### What is required
Once the line with "j) = (\<Sum>i\<in>UNIV." is found in the entries below, repeat it and each following line exactly, up to and including the line with "lebesgue S = 1". Add no other lines.

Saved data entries
(* For every $d\ge1$, $H_d\le d!$.
   Context: A sublattice $\Lambda'$ of a $d$-dimensional lattice $\Lambda$ is hollow if it is generated by $d$ linearly independent elements $v_1,\dots,v_d\in\Lambda$ such that the interior of the convex hull of $\pm v_1,\dots,\pm v_d$ contains no nonzero element of $\Lambda$. $H_d$ denotes the maximal index $[\Lambda:\Lambda']$ of a hollow sublattice $\Lambda'$ of a $d$-dimensional lattice $\Lambda$. *)

theory Defs
  imports "HOL-Analysis.Analysis"
begin

definition int_span :: "('n::finite \<Rightarrow> real^'n) \<Rightarrow> (real^'n) set" where
  "int_span v = range (\<lambda>z::'n \<Rightarrow> int. \<Sum>i\<in>UNIV. of_int (z i) *\<^sub>R v i)"

definition lin_indep_family :: "('n::finite \<Rightarrow> real^'n) \<Rightarrow> bool" where
  "lin_indep_family v \<longleftrightarrow> inj v \<and> independent (range v)"

definition is_lattice :: "(real^'n::finite) set \<Rightarrow> bool" where
  "is_lattice L \<longleftrightarrow> (\<exists>b. lin_indep_family b \<and> L = int_span b)"

definition hollow_sublattice :: "(real^'n::finite) set \<Rightarrow> (real^'n) set \<Rightarrow> bool" where
  "hollow_sublattice L L' \<longleftrightarrow>
     (\<exists>v. lin_indep_family v \<and> range v \<subseteq> L \<and> L' = int_span v \<and>
          (\<forall>x\<in>L. x \<in> interior (convex hull (range v \<union> range (\<lambda>i. - v i))) \<longrightarrow> x = 0))"

definition lattice_index :: "(real^'n::finite) set \<Rightarrow> (real^'n) set \<Rightarrow> nat" where
  "lattice_index L L' = card {(\<lambda>y. x + y) ` L' | x. x \<in> L}"

end

theory Submission
  imports Defs "HOL-Real_Asymp.Real_Asymp"
begin

text \<open>
  Write points in coordinates with respect to generators \<open>v\<^sub>1, \<dots>, v\<^sub>d\<close> of the hollow
  sublattice \<open>L'\<close>. A point of \<open>L\<close> whose coordinate vector has \<open>\<ell>\<^sub>1\<close>-norm less than 1 lies in
  the interior of the cross-polytope \<open>conv(\<plusminus>v\<^sub>i)\<close>, so hollowness forces it to be 0. Hence the
  coordinate vectors of representatives of distinct cosets of \<open>L'\<close> in \<open>L\<close> stay at \<open>\<ell>\<^sub>1\<close>-distance
  at least 1 after any integer shift, and the open \<open>\<ell>\<^sub>1\<close>-balls of radius 1/2 around them and
  all their integer translates are pairwise disjoint. Counting these balls inside large cubes
  gives \<open>[L : L'] \<cdot> vol \<le> 1\<close>, and that ball has volume \<open>1/d!\<close>: it contains \<open>2\<^sup>d\<close> reflected
  copies of a simplex of volume arbitrarily close to \<open>(1/2)\<^sup>d/d!\<close>.
\<close>

definition l1_norm :: "real^'n::finite \<Rightarrow> real" where
  "l1_norm y = (\<Sum>i\<in>UNIV. \<bar>y$i\<bar>)"

definition l1_ball :: "real \<Rightarrow> (real^'n::finite) set" where
  "l1_ball r = {y. l1_norm y < r}"

lemma bounded_l1_ball: "bounded (l1_ball r :: (real^'n::finite) set)"
proof (rule bounded_subset[OF bounded_cball])
  show "l1_ball r \<subseteq> cball (0::real^'n) \<bar>r\<bar>"
  proof
    fix y :: "real^'n" assume "y \<in> l1_ball r"
    then show "y \<in> cball 0 \<bar>r\<bar>"
      using norm_le_l1_cart[of y] by (simp add: l1_ball_def l1_norm_def)
  qed
qed

lemma l1_ball_lmeasurable: "l1_ball r \<in> lmeasurable"
proof (rule lmeasurable_open[OF bounded_l1_ball])
  show "open (l1_ball r :: (real^'n) set)"
    unfolding l1_ball_def l1_norm_def by (intro open_Collect_less) (auto intro!: continuous_intros)
qed

lemma l1_norm_diff_le: "l1_norm (x - y) \<le> l1_norm x + l1_norm y"
  unfolding l1_norm_def sum.distrib[symmetric] by (intro sum_mono) (simp add: abs_triangle_ineq4)

definition sign_flip :: "('n::finite \<Rightarrow> real) \<Rightarrow> real^'n \<Rightarrow> real^'n" where
  "sign_flip s x = (\<chi> i. s i * x$i)"

lemma
  fixes s :: "'n::finite \<Rightarrow> real"
  assumes s: "\<And>i. \<bar>s i\<bar> = 1" and X: "X \<in> lmeasurable"
  shows lmeasurable_sign_flip_vimage: "sign_flip s -` X \<in> lmeasurable"
    and measure_sign_flip_vimage: "measure lebesgue (sign_flip s -` X) = measure lebesgue X"
proof -
  define c where "c j = j \<bullet> (\<chi> i. s i)" for j :: "real^'n"
  define T where "T x = (\<Sum>j\<in>Basis. (c j * (x \<bullet> j)) *\<^sub>R j)" for x :: "real^'n"
  have c_axis: "c (axis k 1) = s k" for k
    by (simp add: c_def inner_axis')
  have abs_c: "\<bar>c j\<bar> = 1" if "j \<in> Basis" for j
    using that s by (auto simp: Basis_vec_def c_axis)
  have T_eq: "T = sign_flip s"
  proof
    fix x
    have "sign_flip s x = (\<Sum>j\<in>Basis. (sign_flip s x \<bullet> j) *\<^sub>R j)"
      by (simp add: euclidean_representation)
    also have "\<dots> = T x"
      unfolding T_def
      by (intro sum.cong) (auto simp: sign_flip_def Basis_vec_def c_axis cart_eq_inner_axis[symmetric])
    finally show "T x = sign_flip s x" ..
  qed
  have c_nonzero: "\<And>j. j \<in> Basis \<Longrightarrow> c j \<noteq> 0"
    using abs_c by fastforce
  have "lebesgue = density (distr lebesgue lebesgue T) (\<lambda>_. \<Prod>j\<in>Basis. \<bar>c j\<bar>)"
    and T_meas: "T \<in> lebesgue \<rightarrow>\<^sub>M lebesgue"
    using lebesgue_affine_euclidean[OF c_nonzero, where t=0]
      lebesgue_affine_measurable[OF c_nonzero, where t=0]
    by (simp_all add: T_def[abs_def])
  then have "lebesgue = distr lebesgue lebesgue T"
    by (simp add: abs_c density_1)
  then have "emeasure lebesgue (T -` X) = emeasure lebesgue X"
    using emeasure_distr[OF T_meas fmeasurableD[OF X]] by simp
  moreover have "T -` X \<in> sets lebesgue"
    using measurable_sets[OF T_meas fmeasurableD[OF X]] by simp
  ultimately show "sign_flip s -` X \<in> lmeasurable"
    and "measure lebesgue (sign_flip s -` X) = measure lebesgue X"
    using X by (auto simp: T_eq fmeasurable_def measure_def)
qed

lemma sign_flip_vimage_disjoint:
  assumes P: "\<And>y i. y \<in> P \<Longrightarrow> 0 < y$i"
    and s: "\<And>i. \<bar>s i\<bar> = 1" and t: "\<And>i. \<bar>t i\<bar> = 1" and "s \<noteq> t"
  shows "sign_flip s -` P \<inter> sign_flip t -` P = {}"
proof safe
  obtain i where "s i \<noteq> t i"
    using \<open>s \<noteq> t\<close> by auto
  then have "t i = - s i"
    using s[of i] t[of i] by arith
  fix y assume "sign_flip s y \<in> P" "sign_flip t y \<in> P"
  then have "0 < sign_flip s y $ i" "0 < sign_flip t y $ i"
    using P by blast+
  then show "y \<in> {}"
    using \<open>t i = - s i\<close> by (simp add: sign_flip_def)
qed

lemma l1_norm_eq_sum_sign_flip:
  assumes s: "\<And>i. \<bar>s i\<bar> = 1" and pos: "\<And>i. 0 < sign_flip s y $ i"
  shows "l1_norm y = (\<Sum>i\<in>UNIV. sign_flip s y $ i)"
proof -
  have "\<bar>y$i\<bar> = sign_flip s y $ i" for i
  proof -
    have "\<bar>y$i\<bar> = \<bar>sign_flip s y $ i\<bar>"
      using s[of i] by (simp add: sign_flip_def abs_mult)
    also have "\<dots> = sign_flip s y $ i"
      using pos[of i] by simp
    finally show ?thesis .
  qed
  then show ?thesis
    by (simp add: l1_norm_def)
qed

lemma two_power_measure_le_l1_ball:
  fixes P :: "(real^'n::finite) set"
  assumes "P \<in> lmeasurable" and P: "\<And>y. y \<in> P \<Longrightarrow> (\<forall>i. 0 < y$i) \<and> (\<Sum>i\<in>UNIV. y$i) < r"
  shows "2 ^ CARD('n) * measure lebesgue P \<le> measure lebesgue (l1_ball r :: (real^'n) set)"
proof -
  define signs where "signs = PiE UNIV (\<lambda>_::'n. {1::real, -1})"
  have signs_abs: "\<bar>s i\<bar> = 1" if "s \<in> signs" for s i
  proof -
    have "s i \<in> {1, -1}"
      using that by (simp add: signs_def PiE_iff)
    then show ?thesis
      by auto
  qed
  have "finite signs" "card signs = 2 ^ CARD('n)"
    by (simp_all add: signs_def finite_PiE card_PiE numeral_2_eq_2)
  have flip_lmeasurable: "sign_flip s -` P \<in> lmeasurable" if "s \<in> signs" for s
    using signs_abs[OF that] \<open>P \<in> lmeasurable\<close> by (rule lmeasurable_sign_flip_vimage)
  have flip_measure: "measure lebesgue (sign_flip s -` P) = measure lebesgue P" if "s \<in> signs" for s
    using signs_abs[OF that] \<open>P \<in> lmeasurable\<close> by (rule measure_sign_flip_vimage)
  have "disjoint_family_on (\<lambda>s. sign_flip s -` P) signs"
    unfolding disjoint_family_on_def
  proof (intro ballI impI)
    fix s t assume "s \<in> signs" "t \<in> signs" "s \<noteq> t"
    then show "sign_flip s -` P \<inter> sign_flip t -` P = {}"
      using P signs_abs by (intro sign_flip_vimage_disjoint) auto
  qed
  then have "measure lebesgue (\<Union>s\<in>signs. sign_flip s -` P) =
      (\<Sum>s\<in>signs. measure lebesgue (sign_flip s -` P))"
    using \<open>finite signs\<close> flip_lmeasurable fmeasurableD2[OF flip_lmeasurable]
    by (intro measure_finite_Union) (auto simp del: emeasure_completion)
  also have "\<dots> = 2 ^ CARD('n) * measure lebesgue P"
    using \<open>card signs = 2 ^ CARD('n)\<close> by (simp add: flip_measure)
  finally have "measure lebesgue (\<Union>s\<in>signs. sign_flip s -` P) = 2 ^ CARD('n) * measure lebesgue P" .
  moreover have "(\<Union>s\<in>signs. sign_flip s -` P) \<subseteq> l1_ball r"
    using P signs_abs l1_norm_eq_sum_sign_flip by (fastforce simp: l1_ball_def)
  moreover have "(\<Union>s\<in>signs. sign_flip s -` P) \<in> sets lebesgue"
    using \<open>finite signs\<close> flip_lmeasurable by blast
  ultimately show ?thesis
    using measure_mono_fmeasurable[OF _ _ l1_ball_lmeasurable] by metis
qed

lemma std_simplex_cart:
  "convex hull (insert 0 Basis) = {x::real^'n::finite. (\<forall>i. 0 \<le> x$i) \<and> (\<Sum>i\<in>UNIV. x$i) \<le> 1}"
proof -
  have inj: "inj (\<lambda>i::'n. axis i (1::real))"
    by (auto simp: inj_on_def axis_eq_axis)
  have Basis_eq: "(Basis :: (real^'n) set) = range (\<lambda>i. axis i 1)"
    by (auto simp: Basis_vec_def)
  have "(\<Sum>j\<in>Basis. x \<bullet> j) = (\<Sum>i\<in>UNIV. x$i)" for x :: "real^'n"
    unfolding Basis_eq sum.reindex[OF inj] by (simp add: cart_eq_inner_axis)
  then show ?thesis
    unfolding std_simplex by (auto simp: Basis_vec_def cart_eq_inner_axis)
qed

lemma scaled_std_simplex:
  fixes m \<epsilon> :: real
  assumes "0 \<le> m"
  defines "P \<equiv> (\<lambda>x. m *\<^sub>R x + (\<chi> i. \<epsilon>)) ` (convex hull (insert 0 Basis)) :: (real^'n::finite) set"
  shows "P \<in> lmeasurable" "measure lebesgue P = m ^ CARD('n) / fact CARD('n)"
    and "y \<in> P \<Longrightarrow> (\<forall>i. \<epsilon> \<le> y$i) \<and> (\<Sum>i\<in>UNIV. y$i) \<le> m + real CARD('n) * \<epsilon>"
proof -
  define S :: "(real^'n) set" where "S = convex hull (insert 0 Basis)"
  have "compact S"
    unfolding S_def by (intro finite_imp_compact_convex_hull) auto
  then show "P \<in> lmeasurable"
    unfolding P_def S_def[symmetric] by (intro lmeasurable_compact compact_continuous_image continuous_intros)
  have "measure lebesgue S = 1 / fact CARD('n)"
    using measure_completion[of S lborel] compact_imp_closed[OF \<open>compact S\<close>]
      content_std_simplex[where 'a="real^'n"]
    by (simp add: S_def)
  then show "measure lebesgue P = m ^ CARD('n) / fact CARD('n)"
    using measure_lebesgue_affine[of m "\<chi> i. \<epsilon>" S] assms(1) by (simp add: P_def S_def)
  assume "y \<in> P"
  then obtain x where x: "\<forall>i. 0 \<le> x$i" "(\<Sum>i\<in>UNIV. x$i) \<le> 1" and y: "y = m *\<^sub>R x + (\<chi> i. \<epsilon>)"
    by (auto simp: P_def std_simplex_cart)
  have "(\<Sum>i\<in>UNIV. y$i) = m * (\<Sum>i\<in>UNIV. x$i) + real CARD('n) * \<epsilon>"
    by (simp add: y sum.distrib sum_distrib_left)
  also have "\<dots> \<le> m + real CARD('n) * \<epsilon>"
    using x(2) assms(1) mult_left_le[of "\<Sum>i\<in>UNIV. x$i" m] by linarith
  finally show "(\<forall>i. \<epsilon> \<le> y$i) \<and> (\<Sum>i\<in>UNIV. y$i) \<le> m + real CARD('n) * \<epsilon>"
    using x(1) assms(1) by (simp add: y)
qed

lemma measure_l1_ball_ge_of_less:
  fixes m r :: real
  assumes "0 < m" "m < r"
  shows "(2 * m) ^ CARD('n) / fact CARD('n) \<le> measure lebesgue (l1_ball r :: (real^'n::finite) set)"
proof -
  define \<epsilon> where "\<epsilon> = (r - m) / (real CARD('n) + 1)"
  \<comment> \<open>the shift by \<open>\<epsilon>\<close> moves the simplex into the open positive orthant\<close>
  define P :: "(real^'n) set" where "P = (\<lambda>x. m *\<^sub>R x + (\<chi> i. \<epsilon>)) ` (convex hull (insert 0 Basis))"
  have "0 < \<epsilon>"
    using assms by (simp add: \<epsilon>_def)
  have "(real CARD('n) + 1) * \<epsilon> = r - m"
    by (simp add: \<epsilon>_def)
  then have "real CARD('n) * \<epsilon> + \<epsilon> = r - m"
    by (simp add: distrib_right)
  have "(\<forall>i. 0 < y$i) \<and> (\<Sum>i\<in>UNIV. y$i) < r" if "y \<in> P" for y
    using scaled_std_simplex(3)[of m y \<epsilon>] that assms \<open>0 < \<epsilon>\<close> \<open>real CARD('n) * \<epsilon> + \<epsilon> = r - m\<close>
    by (simp add: P_def) (meson less_le_trans)
  then have "2 ^ CARD('n) * measure lebesgue P \<le> measure lebesgue (l1_ball r :: (real^'n) set)"
    using scaled_std_simplex(1)[of m \<epsilon>] assms unfolding P_def by (intro two_power_measure_le_l1_ball) auto
  then show ?thesis
    using scaled_std_simplex(2)[where 'n='n, of m \<epsilon>] assms by (simp add: P_def power_mult_distrib)
qed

### Result below
  have "(\<Sum>j\<in>Basis. x \<bullet> j) = (\<Sum>i\<in>UNIV. x$i)" for x :: "real^'n"
    unfolding Basis_eq sum.reindex[OF inj] by (simp add: cart_eq_inner_axis)
  then show ?thesis
    unfolding std_simplex by (auto simp: Basis_vec_def cart_eq_inner_axis)
qed

lemma scaled_std_simplex:
  fixes m \<epsilon> :: real
  assumes "0 \<le> m"
  defines "P \<equiv> (\<lambda>x. m *\<^sub>R x + (\<chi> i. \<epsilon>)) ` (convex hull (insert 0 Basis)) :: (real^'n::finite) set"
  shows "P \<in> lmeasurable" "measure lebesgue P = m ^ CARD('n) / fact CARD('n)"
    and "y \<in> P \<Longrightarrow> (\<forall>i. \<epsilon> \<le> y$i) \<and> (\<Sum>i\<in>UNIV. y$i) \<le> m + real CARD('n) * \<epsilon>"
proof -
  define S :: "(real^'n) set" where "S = convex hull (insert 0 Basis)"
  have "compact S"
    unfolding S_def by (intro finite_imp_compact_convex_hull) auto
  then show "P \<in> lmeasurable"
    unfolding P_def S_def[symmetric] by (intro lmeasurable_compact compact_continuous_image continuous_intros)
  have "measure lebesgue S = 1 / fact CARD('n)"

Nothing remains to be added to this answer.